The more scripts I write, the more I learn about the faulty thinking of "this
one should be easy".

It helps me to talk to the makers more clearly, more concise and more
realistically. But it differentiates me so far from other product guys (or my
uppers), as they do not understand, when I tell them, that their ideas might
not be so easy to implement, as they believe.

Makes being the "middleware" between product-management and makers much more
difficult, as I insist more and more on clear communicated specs, when I am
used as a translator for the other product-guys.

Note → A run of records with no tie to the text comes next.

text \<open>The closed unit ball of \<open>ker (I - K)\<close> is compact, so it is covered by finitely many balls of
  radius \<open>1/2\<close>; by the Riesz lemma their centres span the whole kernel.\<close>
lemma fin_dim_ker_id_minus_seq_compact_operator:
  fixes K :: "'a::real_normed_vector \<Rightarrow> 'a"
  assumes K: "seq_compact_operator K"
  shows "fin_dim (ker (\<lambda>x. x - K x))"
proof -
  define N where "N = ker (\<lambda>x. x - K x)"
  have bl: "bounded_linear (\<lambda>x. x - K x)" by (rule bounded_linear_id_minus_seq_compact_operator[OF K])
  have N: "subspace N" "closed N"
    unfolding N_def using subspace_ker closed_ker bl bounded_linear.linear by blast+
  define S where "S = N \<inter> cball 0 1"
  have compact: "compact S" unfolding compact_eq_seq_compact_metric
  proof (rule seq_compactI)
    fix f :: "nat \<Rightarrow> 'a" assume f: "\<forall>n. f n \<in> S"
    have "bounded (range f)" using f unfolding S_def bounded_iff by auto
    from seq_compact_operatorD[OF K this] obtain r l
      where r: "strict_mono r" "(\<lambda>n. K (f (r n))) \<longlonglongrightarrow> l" by blast
    have "K (f n) = f n" for n using f unfolding S_def N_def by auto
    then have fr: "(f \<circ> r) \<longlonglongrightarrow> l" using r(2) by (simp add: o_def)
    have "closed S" unfolding S_def using N(2) by (simp add: closed_Int)
    then have "l \<in> S" using closed_sequentially[OF _ _ fr] f by auto
    then show "\<exists>l\<in>S. \<exists>r. strict_mono r \<and> (f \<circ> r) \<longlonglongrightarrow> l" using r(1) fr by blast
  qed
  have cover: "S \<subseteq> (\<Union>c\<in>S. ball c (1/2))" by force
  obtain C where C: "C \<subseteq> S" "finite C" "S \<subseteq> (\<Union>c\<in>C. ball c (1/2))"
    by (rule compactE_image[OF compact _ cover]) auto
  have closed_span: "closed (span C)" using closed_span_finite[OF C(2)] .
  have span_sub: "span C \<subseteq> N" using span_minimal[OF _ N(1)] C(1) S_def by blast
  have "N \<subseteq> span C"
  proof
    fix x assume x: "x \<in> N"
    show "x \<in> span C"
    proof (rule ccontr)
      assume "x \<notin> span C"
      then obtain y0 d where y0: "y0 \<in> span C" "d = norm (x - y0)" "0 < d"
        and far: "\<forall>y\<in>span C. 1/2 \<le> norm ((1/d) *\<^sub>R (x - y0) - y)"
        by (rule riesz_lemma[OF subspace_span closed_span])
      define z where "z = (1/d) *\<^sub>R (x - y0)"
      have "z \<in> N" unfolding z_def using x y0(1) span_sub N(1)
        by (simp add: subsetD subspace_diff subspace_scale)
      moreover have "norm z = 1" unfolding z_def using y0(2,3) by simp
      ultimately have "z \<in> S" unfolding S_def by simp
      then obtain c where c: "c \<in> C" "dist c z < 1/2" using C(3) by auto
      have "1/2 \<le> norm (z - c)" using far c(1) span_base unfolding z_def by blast
      then show False using c(2) by (simp add: dist_norm norm_minus_commute)
    qed
  qed
  then show ?thesis unfolding fin_dim_def N_def[symmetric] using C(2) by blast
qed
(* Let $X=\{a_1,\dots,a_\ell\}$ be a finite set of $\ell$ distinct points, $N\ge2$, let $\gamma_*$ be an extreme point of $\mathcal{P}_{sym}(X^N)$ and let $\lambda=M_1\gamma_*$. Then: (a) $\gamma_*$ is the unique maximizer over $\gamma\in\mathcal{P}_{sym}(X^N)$ of $$C_\lambda[\gamma]=N^2\sum_{i=1}^\ell\lambda_i(M_1\gamma)_i+C_{GS}[\gamma];$$ (b) in particular, $\gamma_*$ is the unique maximizer of $C_{GS}[\gamma]$ over $\gamma\in\mathcal{P}_{sym}(X^N)$ subject to $M_1\gamma=\lambda$.
   Context: Probability measures on $X$ are identified with vectors $(\lambda_i)$, $\lambda_i=\lambda(\{a_i\})$. The symmetrization operator is $(S\gamma)(A_1\times\cdots\times A_N)=\frac1{N!}\sum_{\sigma\in S_N}\gamma(A_{\sigma(1)}\times\cdots\times A_{\sigma(N)})$; $\mathcal{P}_{sym}(X^N)$ is the set of probability measures $\gamma$ on $X^N$ with $S\gamma=\gamma$; $(M_1\gamma)(A)=\gamma(A\times X^{N-1})$. The Gangbo–Święch cost is $C_{GS}[\gamma]=\int_{X^N}\sum_{1\le i<j\le N}d(x_i,x_j)^p\,d\gamma(x_1,\dots,x_N)$ ($1\le p<\infty$), with $d$ the discrete metric $d(x,y)=1$ for $x\ne y$, $d(x,x)=0$. *)

theory Defs
  imports Complex_Main "HOL-Combinatorics.Permutations"
begin

text \<open>A point of X^N is represented as a list of length N with entries in X;
  a measure on X^N (finite discrete) is represented by its atom weights
  gamma :: 'a list => real, required to vanish outside X^N.\<close>

definition config :: "'a set \<Rightarrow> nat \<Rightarrow> 'a list set" where
  "config X N = {xs. length xs = N \<and> set xs \<subseteq> X}"

definition prob_on :: "'a set \<Rightarrow> nat \<Rightarrow> ('a list \<Rightarrow> real) \<Rightarrow> bool" where
  "prob_on X N \<gamma> \<longleftrightarrow> (\<forall>xs. \<gamma> xs \<ge> 0) \<and> (\<forall>xs. xs \<notin> config X N \<longrightarrow> \<gamma> xs = 0)
     \<and> (\<Sum>xs\<in>config X N. \<gamma> xs) = 1"

definition perm_conf :: "(nat \<Rightarrow> nat) \<Rightarrow> 'a list \<Rightarrow> 'a list" where
  "perm_conf \<sigma> xs = map (\<lambda>i. xs ! \<sigma> i) [0..<length xs]"

definition symmetrize :: "nat \<Rightarrow> ('a list \<Rightarrow> real) \<Rightarrow> 'a list \<Rightarrow> real" where
  "symmetrize N \<gamma> xs = (1 / fact N) * (\<Sum>\<sigma>\<in>{\<sigma>. \<sigma> permutes {..<N}}. \<gamma> (perm_conf \<sigma> xs))"

definition Psym :: "'a set \<Rightarrow> nat \<Rightarrow> ('a list \<Rightarrow> real) set" where
  "Psym X N = {\<gamma>. prob_on X N \<gamma> \<and> symmetrize N \<gamma> = \<gamma>}"

definition marg1 :: "'a set \<Rightarrow> nat \<Rightarrow> ('a list \<Rightarrow> real) \<Rightarrow> 'a \<Rightarrow> real" where
  "marg1 X N \<gamma> a = (\<Sum>xs\<in>{xs\<in>config X N. xs ! 0 = a}. \<gamma> xs)"

definition ddisc :: "'a \<Rightarrow> 'a \<Rightarrow> real" where
  "ddisc x y = (if x = y then 0 else 1)"

definition C_GS :: "real \<Rightarrow> 'a set \<Rightarrow> nat \<Rightarrow> ('a list \<Rightarrow> real) \<Rightarrow> real" where
  "C_GS p X N \<gamma> = (\<Sum>xs\<in>config X N. \<gamma> xs *
      (\<Sum>(i,j)\<in>{(i,j). i < j \<and> j < N}. ddisc (xs ! i) (xs ! j) powr p))"

definition C_lam :: "real \<Rightarrow> 'a set \<Rightarrow> nat \<Rightarrow> ('a \<Rightarrow> real) \<Rightarrow> ('a list \<Rightarrow> real) \<Rightarrow> real" where
  "C_lam p X N lam \<gamma> = (real N)^2 * (\<Sum>a\<in>X. lam a * marg1 X N \<gamma> a) + C_GS p X N \<gamma>"

definition extreme_pt :: "('a list \<Rightarrow> real) \<Rightarrow> ('a list \<Rightarrow> real) set \<Rightarrow> bool" where
  "extreme_pt g P \<longleftrightarrow> g \<in> P \<and> (\<forall>g1\<in>P. \<forall>g2\<in>P. \<forall>t::real. 0 < t \<and> t < 1 \<and>
      g = (\<lambda>xs. t * g1 xs + (1 - t) * g2 xs) \<longrightarrow> g1 = g2)"

end

theory Submission
  imports Defs
begin

text \<open>Since the discrete metric takes only the values 0 and 1, the pair cost of a configuration
  depends only on its occupation numbers n(a): it has (N^2 - sum_a n(a)^2)/2 unequal pairs.
  For a symmetric plan, N times the first marginal is the expected occupation vector, so with
  lambda = M_1 gamma_* and m = N lambda, completing the square gives
  C_lambda[gamma] = (N^2 + |m|^2)/2 - E_gamma |m - n|^2 / 2.
  An extreme symmetric plan is the uniform measure on the rearrangements of a single
  configuration x_0, so m = n(x_0) and the defect E_gamma |m - n|^2 vanishes exactly for the
  symmetric plans carried by the orbit of x_0, of which gamma_* is the only one.\<close>

definition occupation :: "'a list \<Rightarrow> 'a \<Rightarrow> real" where
  "occupation xs a = real (count (mset xs) a)"

lemma occupation_eq_sum: "occupation xs a = (\<Sum>i<length xs. if xs ! i = a then 1 else 0)"
proof -
  have "count (mset xs) a = card {i. i < length xs \<and> a = xs ! i}"
    by (simp add: count_mset count_list_eq_length_filter length_filter_conv_card)
  also have "{i. i < length xs \<and> a = xs ! i} = {..<length xs} \<inter> {i. xs ! i = a}" by auto
  finally show ?thesis by (simp add: occupation_def sum.If_cases)
qed

lemma mset_eq_iff_occupation_eq_on:
  assumes "set xs \<subseteq> X" "set ys \<subseteq> X"
  shows "mset xs = mset ys \<longleftrightarrow> (\<forall>a\<in>X. occupation xs a = occupation ys a)"
proof
  assume "\<forall>a\<in>X. occupation xs a = occupation ys a"
  then show "mset xs = mset ys"
    using assms by (intro multiset_eqI) (metis count_mset_0_iff in_mono occupation_def of_nat_eq_iff)
qed (simp add: occupation_def)

lemma sum_upper_pairs_symmetric:
  fixes d :: "nat \<Rightarrow> nat \<Rightarrow> real"
  assumes "\<And>i j. d i j = d j i" "\<And>i. d i i = 0"
  shows "2 * (\<Sum>(i,j)\<in>{(i,j). i < j \<and> j < N}. d i j) = (\<Sum>i<N. \<Sum>j<N. d i j)"
proof (induction N)
  case 0
  then show ?case by simp
next
  case (Suc N)
  have split: "{(i,j). i < j \<and> j < Suc N} = {(i,j). i < j \<and> j < N} \<union> (\<lambda>i. (i,N)) ` {..<N}"
    by auto
  have fin: "finite {(i,j). i < j \<and> j < N}"
    by (rule finite_subset[of _ "{..<N} \<times> {..<N}"]) auto
  have "(\<Sum>(i,j)\<in>{(i,j). i < j \<and> j < Suc N}. d i j)
      = (\<Sum>(i,j)\<in>{(i,j). i < j \<and> j < N}. d i j) + (\<Sum>i<N. d i N)"
    unfolding split by (subst sum.union_disjoint) (auto simp: fin sum.reindex inj_on_def)
  moreover have "(\<Sum>i<Suc N. \<Sum>j<Suc N. d i j) = (\<Sum>i<N. \<Sum>j<N. d i j) + 2 * (\<Sum>i<N. d i N)"
    by (simp add: sum.distrib assms(2)) (simp add: assms(1)[of N])
  ultimately show ?case using Suc by simp
qed

lemma ddisc_powr [simp]: "ddisc x y powr p = ddisc x y"
  by (simp add: ddisc_def)

lemma pair_cost_eq_occupation:
  assumes "finite X" and u: "u \<in> config X N"
  shows "2 * (\<Sum>(i,j)\<in>{(i,j). i < j \<and> j < N}. ddisc (u ! i) (u ! j) powr p)
     = real N ^ 2 - (\<Sum>a\<in>X. occupation u a ^ 2)"
proof -
  have len: "length u = N" and sX: "set u \<subseteq> X" using u by (auto simp: config_def)
  have in_X: "u ! i \<in> X" if "i < N" for i using that len sX nth_mem by blast
  have sum_squares: "(\<Sum>i<N. occupation u (u ! i)) = (\<Sum>a\<in>X. occupation u a ^ 2)"
  proof -
    have "(\<Sum>i<N. occupation u (u ! i))
        = (\<Sum>i<N. \<Sum>a\<in>X. if u ! i = a then occupation u a else 0)"
      using in_X \<open>finite X\<close> by (simp add: sum.delta)
    also have "\<dots> = (\<Sum>a\<in>X. occupation u a * (\<Sum>i<N. if u ! i = a then 1 else 0))"
      by (subst sum.swap) (simp add: sum_distrib_left if_distrib cong: if_cong)
    also have "\<dots> = (\<Sum>a\<in>X. occupation u a ^ 2)"
      by (simp add: occupation_eq_sum[of u] len power2_eq_square)
    finally show ?thesis .
  qed
  have "2 * (\<Sum>(i,j)\<in>{(i,j). i < j \<and> j < N}. ddisc (u ! i) (u ! j) powr p)
      = (\<Sum>i<N. \<Sum>j<N. ddisc (u ! i) (u ! j))"
    by (simp, rule sum_upper_pairs_symmetric) (auto simp: ddisc_def)
  also have "\<dots> = (\<Sum>i<N. real N - occupation u (u ! i))"
  proof (rule sum.cong[OF refl])
    fix i
    have "(\<Sum>j<N. ddisc (u ! i) (u ! j)) = (\<Sum>j<N. 1 - (if u ! j = u ! i then 1 else 0))"
      by (intro sum.cong refl) (auto simp: ddisc_def)
    then show "(\<Sum>j<N. ddisc (u ! i) (u ! j)) = real N - occupation u (u ! i)"
      by (simp add: sum_subtractf occupation_eq_sum len)
  qed
  also have "\<dots> = real N ^ 2 - (\<Sum>a\<in>X. occupation u a ^ 2)"
    by (simp add: sum_subtractf sum_squares power2_eq_square)
  finally show ?thesis .
qed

Execution is the real deal. There was a nice quote from Derek Sivers[1], that
ideas are just a multiplier for execution:

[1]: <http://sivers.org/multiply>

------
mtgx
This is why I don't think the patent system should be so focused on ideas. It
should be a lot more focused on how much effort it takes to implement that
idea and actually make it work, and the time for which the patent is granted
(if granted at all) should be based on that. You shouldn't get 20 years
monopoly on a slide-to-unlock type of patent. But it may be reasonable to get
20 years for something that takes years of work and millions of dollars of
investment.

The current system seems to believe too much that "the more patents we have =
the more innovation we have". This has come right out of the US president's
mouth recently, and it was the same type of thinking for the unitary EU
patent, and why Putin also wants to do something similar in Russia. The focus
is entirely in the wrong direction.

------
Swizec
I really like how this post evolves from bitching about not having enough time
to play, to being egged into playing with some hardware, into the ask for a
kickstarter project.

Well done!

------
mpesce
Wow. Just amazing. Humble thanks.